In order to achieve a better compromise between the exploration ability and the exploitation ability of DE, in this work, an enhanced differential evolution algorithm, called EDE, is presented. In EDE, first, an initialization technique, opposition-based learning initialization, is employed. Next, inspired by JADE [15], a mutation strategy DE/pbest/1/bin is introduced in EDE. At the same time, a new mutation strategy DE/current/bin/1 is also introduced. That is, there are multiple mutation strategies composed of the two mutation strategies in EDE to better balance the exploration and the exploitation of DE. When performing the EDE algorithm, one of the two mutation strategies is chosen randomly with a linear time-varying scheme. Last, a perturbation scheme for the best individual is presented in order to get out of local minima, where the perturbation scheme is also composed of two solution search equations. Specifically, the best individual is perturbed dimension by dimension in two modes. All these modifications make up the proposed algorithm EDE.
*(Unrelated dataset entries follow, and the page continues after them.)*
(* Let $(\mathcal S,\mathcal Q,\Theta)$ be a Pufferfish scenario, $f:\mathcal X\to\mathbb R^d$ a query, and $\omega$ a continuous slice distribution on $\mathbb S^{d-1}$. Draw i.i.d. directions $U_1,\dots,U_m\sim\omega$. Assume $0\le\Delta^u_\infty\le\Delta_0$ for all $u$. Fix $\alpha>1$, $\varepsilon>0$, $\gamma\in(0,1)$. Let $\widehat\Delta_\infty(U_\ell)$, $\ell\in[m]$, be random quantities satisfying $\Pr(\Delta^{U_\ell}_\infty\le\widehat\Delta_\infty(U_\ell)\text{ for all }\ell\in[m])\ge1-\gamma/2$, where the probability is over the conditional sampling used to form the $\widehat\Delta_\infty(U_\ell)$. If the Gaussian mechanism uses $N\sim\mathcal N(0,\sigma^2I_d)$ (independent of $X$) with \[ \sigma^2\ge\frac{\alpha}{2\varepsilon}\left(\frac1m\sum_{\ell=1}^m(\widehat\Delta_\infty(U_\ell))^2+\Delta_0^2\sqrt{\frac{\log(4/\gamma)}{2m}}\right), \] then with probability at least $1-\gamma$ (over both the conditional sampling and the draw of $U_{1:m}$), $\mathcal M(X)=f(X)+N$ satisfies $(\alpha,\varepsilon,\omega)$-Ave-SRPP in $(\mathcal S,\mathcal Q,\Theta)$.
   Context: Pufferfish scenario: secrets $\mathcal S$, pairs $\mathcal Q\subseteq\mathcal S\times\mathcal S$, priors $\Theta$; each $\theta$ is a joint law of secret $S$ and dataset $X$, with secret marginal $P^S_\theta$. $P^{f,s}_\theta$ is the law of $f(X)$ given $S=s$ under $\theta$; $\mathcal M^\theta_s$ the law of $\mathcal M(X)$ given $S=s$ under $\theta$. $\mathbb S^{d-1}$ is the unit sphere, $\Psi^u(a)=\langle a,u\rangle$, $\Psi^u_\#$ pushforward. $W_\infty(\nu,\mu)=\inf_{\pi\in\Pi(\nu,\mu)}\sup_{(x,y)\in\mathrm{supp}\,\pi}|x-y|$ for measures on $\mathbb R$. $\Delta^u_\infty:=\max_{(s_i,s_j)\in\mathcal Q,\theta\in\Theta}W_\infty(\Psi^u_\#P^{f,s_i}_\theta,\Psi^u_\#P^{f,s_j}_\theta)$. $\mathtt D_\alpha$ is R\'enyi divergence; $\mathtt{AveSD}^\omega_\alpha(P\|Q)=\int\mathtt D_\alpha(\Psi^u_\#P\|\Psi^u_\#Q)\,d\omega(u)$. $\mathcal M$ is $(\alpha,\varepsilon,\omega)$-Ave-SRPP in $(\mathcal S,\mathcal Q,\Theta)$ if $\mathtt{AveSD}^\omega_\alpha(\mathcal M^\theta_{s_i}\|\mathcal M^\theta_{s_j})\le\varepsilon$ for all $\theta\in\Theta$ and $(s_i,s_j)\in\mathcal Q$ with $P^S_\theta(s_i),P^S_\theta(s_j)>0$. *)

theory Defs
  imports "HOL-Probability.Probability"
begin

definition pufferfish_scenario ::
  "'x measure \<Rightarrow> 's set \<Rightarrow> ('s \<times> 's) set \<Rightarrow> ('s \<times> 'x) measure set \<Rightarrow> bool" where
  "pufferfish_scenario MX Sec Q Th \<longleftrightarrow> Q \<subseteq> Sec \<times> Sec \<and>
     (\<forall>\<theta>\<in>Th. prob_space \<theta> \<and> sets \<theta> = sets (count_space UNIV \<Otimes>\<^sub>M MX)
              \<and> emeasure \<theta> (Sec \<times> space MX) = 1)"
To testify the convergence performance of EDE, twenty-five benchmark functions with different characteristics from literatures are employed. The first experimental results demonstrate that EDE significantly enhances the performance of standard DE in terms of the best, worst, median, mean, and standard deviation (Std.) values of final solutions in most cases. Moreover, other two comparisons also show that EDE performs significantly better than or at least highly competitive with other five well-known algorithms, that is, JADE, SaDE, SaJADE, ABC, and MABC, on the majority of the corresponding benchmark functions. Therefore, it can be concluded that EDE is an efficient method and it may be a good alternative for solving complex numerical optimization problems.

Last but not least, it is desirable to further apply the EDE algorithm to deal with other optimization problems such as the training of neural networks, system parameter identification, and data clustering.